Algo recorre al mundo árabe, no es un fantasma (menos aún el del comunismo), se trata de la superstición del teléfono celular y las redes sociales. En menos de un mes, una explosión social que comenzó en Túnez se convirtió en revolución en Egipto y protestas en media docena de países más del Medio Oriente, incluyendo Irán. Mientras los politólogos y sociólogos meditan el asunto, los editores apresurados ya han señalado al bendito responsable: la tecnología.
Habían ocurrido tantas revoluciones antes del siglo IV a. d. C. que Aristóteles alcanzó a dedicarle un libro completo de su Política a este fenómeno. Desde entonces hasta el año pasado todos los estudiosos del tema le han buscado explicaciones institucionales, económicas, sociales, culturales. Ahora, en tiempos de la palabra rápida y el pensamiento vacío, se despacha el asunto con una superstición. Si en el Medioevo cualquier pedestre podía señalar la voluntad de Dios como causa de la convulsión social, ahora mentes más obtusas se la atribuyen a la magia del internet.
No es que los pueblos árabes posean algún tipo de cultura política reactiva al despotismo, o liderazgos políticos e intelectuales dignos de crédito. No. Todo se debería a las consecuencias milagrosas de los dispositivos informáticos. De este modo, lo que antes se asignaba a la acción desplegada por los siervos, los pueblos o las naciones, ahora parece obra de genios remotos como los fundadores de Facebook (Mark Zuckerberg) o de Twitter (Jack Dorsey). Hay un tufillo etnocentrista en todo esto, ¡qué sería de los árabes oprimidos sin la técnica occidental!
El observador ciego e inmediato parece sentirse devastado por la velocidad de las acciones y la imitación inmediata de las primeras manifestaciones, y su capacidad imaginativa no sale del asombro de la comunicación digital. Podría detenerse a pensar qué pasó en las revoluciones de terciopelo de 1989, cuando internet no existía. ¿Fue acaso la controlada televisión soviética la responsable?
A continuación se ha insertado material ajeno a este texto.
(* Let $(J,\mathcal F)$, coefficients $b^S,w^S_j$, and $P(\mathcal F)$ be as in the context, with $P(\mathcal F)$ an $\mathcal F$-extended polymatroid. Let $\mathbf c\in\mathbb R^J$ and let algorithm $\mathrm{AG}_1$ on input $\mathbf c$ output $\boldsymbol\pi=(\pi_1,\dots,\pi_n)$ and $\boldsymbol\nu$; put $S_k=\{\pi_k,\dots,\pi_n\}$. (a) For every $\mathbf x\in\mathbb R^J$, $$\sum_{j\in J}c_jx_j=\nu_{\pi_1}\sum_{j\in S_1}w^{S_1}_jx_j+\sum_{k=2}^n(\nu_{\pi_k}-\nu_{\pi_{k-1}})\sum_{j\in S_k}w^{S_k}_jx_j,$$ and $\sum_{j\in J}c_jx^{\boldsymbol\pi}_j=\nu_{\pi_1}b^{S_1}+\sum_{k=2}^n(\nu_{\pi_k}-\nu_{\pi_{k-1}})b^{S_k}$. (b) If $\nu_{\pi_1}\le\nu_{\pi_2}\le\cdots\le\nu_{\pi_n}$, then $\mathbf x^{\boldsymbol\pi}$ and $\mathbf y^{\boldsymbol\pi}$ form an optimal primal-dual pair for the LP $\min\{\sum_jc_jx_j:\mathbf x\in P(\mathcal F)\}$ and its dual, and the optimal value is $\nu_{\pi_1}b^{S_1}+\sum_{k=2}^n(\nu_{\pi_k}-\nu_{\pi_{k-1}})b^{S_k}$.
   Context: $J$ is a finite set, $|J|=n$; $\mathcal F\subseteq2^J$ with $\emptyset\in\mathcal F$, every nonempty $S\in\mathcal F$ having nonempty inner boundary $\partial^-S=\{j\in S:S\setminus\{j\}\in\mathcal F\}$, and every $S\in\mathcal F$, $S\ne J$, having some $j\in J\setminus S$ with $S\cup\{j\}\in\mathcal F$. A full $\mathcal F$-string is an ordering $\boldsymbol\pi=(\pi_1,\dots,\pi_n)$ of $J$ with $\{\pi_k,\dots,\pi_n\}\in\mathcal F$ for all $k$; $\Pi(\mathcal F)$ is the set of these. Given $b^S\ge0$ and $w^S_j>0$ for $j\in S\in\mathcal F$, $P(\mathcal F)=\{\mathbf x\in\mathbb R^J: \sum_{j\in S}w^S_jx_j\ge b^S\ (S\in\mathcal F\setminus\{J\}),\ \sum_{j\in J}w^J_jx_j=b^J,\ \mathbf x\ge0\}$. For $\boldsymbol\pi\in\Pi(\mathcal F)$, $\mathbf x^{\boldsymbol\pi}$ is the unique solution of $\sum_{l=k}^nw^{S_k}_{\pi_l}x_{\pi_l}=b^{S_k}$, $1\le k\le n$, where $S_k=\{\pi_k,\dots,\pi_n\}$. $P(\mathcal F)$ is an $\mathcal F$-extended polymatroid if $\mathbf x^{\boldsymbol\pi}\in P(\mathcal F)$ for all $\boldsymbol\pi\in\Pi(\mathcal F)$. The dual LP is $\max\{\sum_{S\in\mathcal F}b^Sy^S:\sum_{S:j\in S\in\mathcal F}w^S_jy^S\le c_j\ (j\in J),\ y^S\ge0\ (S\ne J),\ y^J\text{ free}\}$. Algorithm $\mathrm{AG}_1$ on input $\mathbf c$: $S_1=J$, $y^{S_1}=\min\{c_j/w^{S_1}_j:j\in\partial^-S_1\}$, $\pi_1$ a minimizer, $\nu_{\pi_1}=y^{S_1}$; for $k=2,\dots,n$: $S_k=S_{k-1}\setminus\{\pi_{k-1}\}$, $y^{S_k}=\min\{(c_j-\sum_{l=1}^{k-1}y^{S_l}w^{S_l}_j)/w^{S_k}_j:j\in\partial^-S_k\}$, $\pi_k$ a minimizer, $\nu_{\pi_k}=\nu_{\pi_{k-1}}+y^{S_k}$. Define $\mathbf y^{\boldsymbol\pi}=(y^{\boldsymbol\pi,S})_{S\in\mathcal F}$ by $y^{\boldsymbol\pi,S_1}=\nu_{\pi_1}$, $y^{\boldsymbol\pi,S_k}=\nu_{\pi_k}-\nu_{\pi_{k-1}}$ for $2\le k\le n$, and $y^{\boldsymbol\pi,S}=0$ for all other $S\in\mathcal F$. *)

theory Defs
  imports Main "HOL.Real"
begin

text \<open>Vectors in R^J are functions 'a => real that vanish outside J.
  A string (ordering) pi = (pi_1,...,pi_n) is a list p with p!(k-1) = pi_k (0-indexed).\<close>

definition inner_bd :: "'a set set \<Rightarrow> 'a set \<Rightarrow> 'a set" where
  "inner_bd F S = {j \<in> S. S - {j} \<in> F}"

definition Sk :: "'a list \<Rightarrow> nat \<Rightarrow> 'a set" where
  "Sk p k = set (drop k p)"

definition full_strings :: "'a set \<Rightarrow> 'a set set \<Rightarrow> 'a list set" where
  "full_strings J F = {p. distinct p \<and> set p = J \<and> (\<forall>k < length p. Sk p k \<in> F)}"

definition polyP :: "'a set \<Rightarrow> 'a set set \<Rightarrow> ('a set \<Rightarrow> 'a \<Rightarrow> real) \<Rightarrow> ('a set \<Rightarrow> real)
    \<Rightarrow> ('a \<Rightarrow> real) set" where
  "polyP J F w b = {x. (\<forall>S \<in> F - {J}. (\<Sum>j\<in>S. w S j * x j) \<ge> b S)
      \<and> (\<Sum>j\<in>J. w J j * x j) = b J
      \<and> (\<forall>j\<in>J. x j \<ge> 0) \<and> (\<forall>j. j \<notin> J \<longrightarrow> x j = 0)}"

definition xpi :: "'a set \<Rightarrow> ('a set \<Rightarrow> 'a \<Rightarrow> real) \<Rightarrow> ('a set \<Rightarrow> real) \<Rightarrow> 'a list \<Rightarrow> ('a \<Rightarrow> real)" where
  "xpi J w b p = (THE x. (\<forall>k < length p. (\<Sum>j\<in>Sk p k. w (Sk p k) j * x j) = b (Sk p k))
                        \<and> (\<forall>j. j \<notin> J \<longrightarrow> x j = 0))"

definition ext_polymatroid :: "'a set \<Rightarrow> 'a set set \<Rightarrow> ('a set \<Rightarrow> 'a \<Rightarrow> real) \<Rightarrow> ('a set \<Rightarrow> real) \<Rightarrow> bool" where
  "ext_polymatroid J F w b = (\<forall>p \<in> full_strings J F. xpi J w b p \<in> polyP J F w b)"

text \<open>Increment y^{S_k} of the algorithm, expressed through nu:
  y^{S_1} = nu_{pi_1}, y^{S_k} = nu_{pi_k} - nu_{pi_(k-1)}.\<close>
definition yinc :: "('a \<Rightarrow> real) \<Rightarrow> 'a list \<Rightarrow> nat \<Rightarrow> real" where
  "yinc \<nu> p k = (if k = 0 then \<nu> (p ! 0) else \<nu> (p ! k) - \<nu> (p ! (k - 1)))"

definition ratio :: "('a \<Rightarrow> real) \<Rightarrow> ('a set \<Rightarrow> 'a \<Rightarrow> real) \<Rightarrow> ('a \<Rightarrow> real) \<Rightarrow> 'a list \<Rightarrow> nat \<Rightarrow> 'a \<Rightarrow> real" where
  "ratio c w \<nu> p k j = (c j - (\<Sum>l<k. yinc \<nu> p l * w (Sk p l) j)) / w (Sk p k) j"

text \<open>(p, nu) is a possible output of algorithm AG_1 on input c (any choice of minimizers).\<close>
definition AG1_output :: "'a set \<Rightarrow> 'a set set \<Rightarrow> ('a set \<Rightarrow> 'a \<Rightarrow> real) \<Rightarrow> ('a \<Rightarrow> real)
    \<Rightarrow> 'a list \<Rightarrow> ('a \<Rightarrow> real) \<Rightarrow> bool" where
  "AG1_output J F w c p \<nu> = (distinct p \<and> set p = J \<and>
     (\<forall>k < length p. p ! k \<in> inner_bd F (Sk p k)
        \<and> (\<forall>j \<in> inner_bd F (Sk p k). ratio c w \<nu> p k (p ! k) \<le> ratio c w \<nu> p k j)
        \<and> yinc \<nu> p k = ratio c w \<nu> p k (p ! k)))"

definition ypi :: "'a list \<Rightarrow> ('a \<Rightarrow> real) \<Rightarrow> 'a set \<Rightarrow> real" where
  "ypi p \<nu> S = (\<Sum>k<length p. if S = Sk p k then yinc \<nu> p k else 0)"

definition dual_feasible :: "'a set \<Rightarrow> 'a set set \<Rightarrow> ('a set \<Rightarrow> 'a \<Rightarrow> real) \<Rightarrow> ('a \<Rightarrow> real)
    \<Rightarrow> ('a set \<Rightarrow> real) \<Rightarrow> bool" where
  "dual_feasible J F w c y = ((\<forall>j\<in>J. (\<Sum>S\<in>{S\<in>F. j \<in> S}. w S j * y S) \<le> c j)
      \<and> (\<forall>S \<in> F - {J}. y S \<ge> 0))"

definition dual_obj :: "'a set set \<Rightarrow> ('a set \<Rightarrow> real) \<Rightarrow> ('a set \<Rightarrow> real) \<Rightarrow> real" where
  "dual_obj F b y = (\<Sum>S\<in>F. b S * y S)"

end

theory Submission
  imports Defs
begin

text \<open>The increments y^{S_k} of AG_1 are chosen so that every dual constraint is tight:
  c_{pi_m} = sum_{k <= m} y^{S_k} w^{S_k}_{pi_m}, because pi_m lies in exactly S_1, ..., S_m.
  Exchanging the order of summation turns the primal objective into
  sum_k y^{S_k} (sum_{j in S_k} w^{S_k}_j x_j), which at x^pi is the dual objective
  sum_k y^{S_k} b^{S_k}. If nu is nondecreasing along pi, the increments for k >= 2 are
  nonnegative, so y^pi is dual feasible and weak duality makes the pair optimal.\<close>

lemma Sk_0: "Sk p 0 = set p"
  by (simp add: Sk_def)

lemma Sk_Cons_0: "Sk (a # q) 0 = insert a (set q)"
  by (simp add: Sk_def)

lemma Sk_Cons_Suc: "Sk (a # q) (Suc k) = Sk q k"
  by (simp add: Sk_def)

lemma Sk_subset: "Sk p k \<subseteq> set p"
  by (auto simp: Sk_def dest: in_set_dropD)

lemma nth_mem_Sk_iff:
  assumes "distinct p" "m < length p"
  shows "p ! m \<in> Sk p k \<longleftrightarrow> k \<le> m"
proof
  assume "p ! m \<in> Sk p k"
  then obtain i where "i < length (drop k p)" "drop k p ! i = p ! m"
    by (auto simp: Sk_def in_set_conv_nth)
  then have "k + i = m"
    using assms nth_eq_iff_index_eq by fastforce
  then show "k \<le> m" by simp
next
  assume "k \<le> m"
  then have "drop k p ! (m - k) = p ! m" "m - k < length (drop k p)"
    using assms by auto
  then show "p ! m \<in> Sk p k"
    unfolding Sk_def by (metis nth_mem)
qed

lemma Sk_Suc:
  assumes "distinct p" "k < length p"
  shows "Sk p (Suc k) = Sk p k - {p ! k}"
proof -
  have "drop k p = p ! k # drop (Suc k) p"
    using assms by (simp add: Cons_nth_drop_Suc)
  moreover have "distinct (drop k p)"
    using assms by simp
  ultimately show ?thesis
    unfolding Sk_def by (metis Diff_insert_absorb distinct.simps(2) list.set(2))
qed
O -ya que estamos en época bicentenaria- ¿cómo pudo suceder que los gritos de independencia de media docena de países latinoamericanos se dieran casi al mismo tiempo en pocos meses del año 1810? ¿Fueron las palomas mensajeras?
Hace más de una década el pensador inglés John Gray (por favor, no confundir con el doctor corazón) planteó que "la tecnología no puede ser un sustituto de la acción política". Esta afirmación la hizo de cara a unos síntomas que veía en la sociedad occidental que empezaba a sustituir la espiritualidad religiosa y la acción política por una desmesurada confianza en la técnica.
Las oleadas revolucionarias, protagonizadas por masas anónimas, no han dejado de tener iconos representativos: Antonio Nariño y Miguel Hidalgo en 1810, Flora Tristán y Auguste Blanqui en 1848, Fidel Castro y Gamal Nasser en la década de 1950, Angela Davies o Daniel Cohn-Bendit en 1968, Mijail Gorbachov o el "rebelde desconocido" de Tiananmen en 1989. Que ahora no se postule a Steve Jobs, o peor -porque todo puede empeorar-, al blacberry.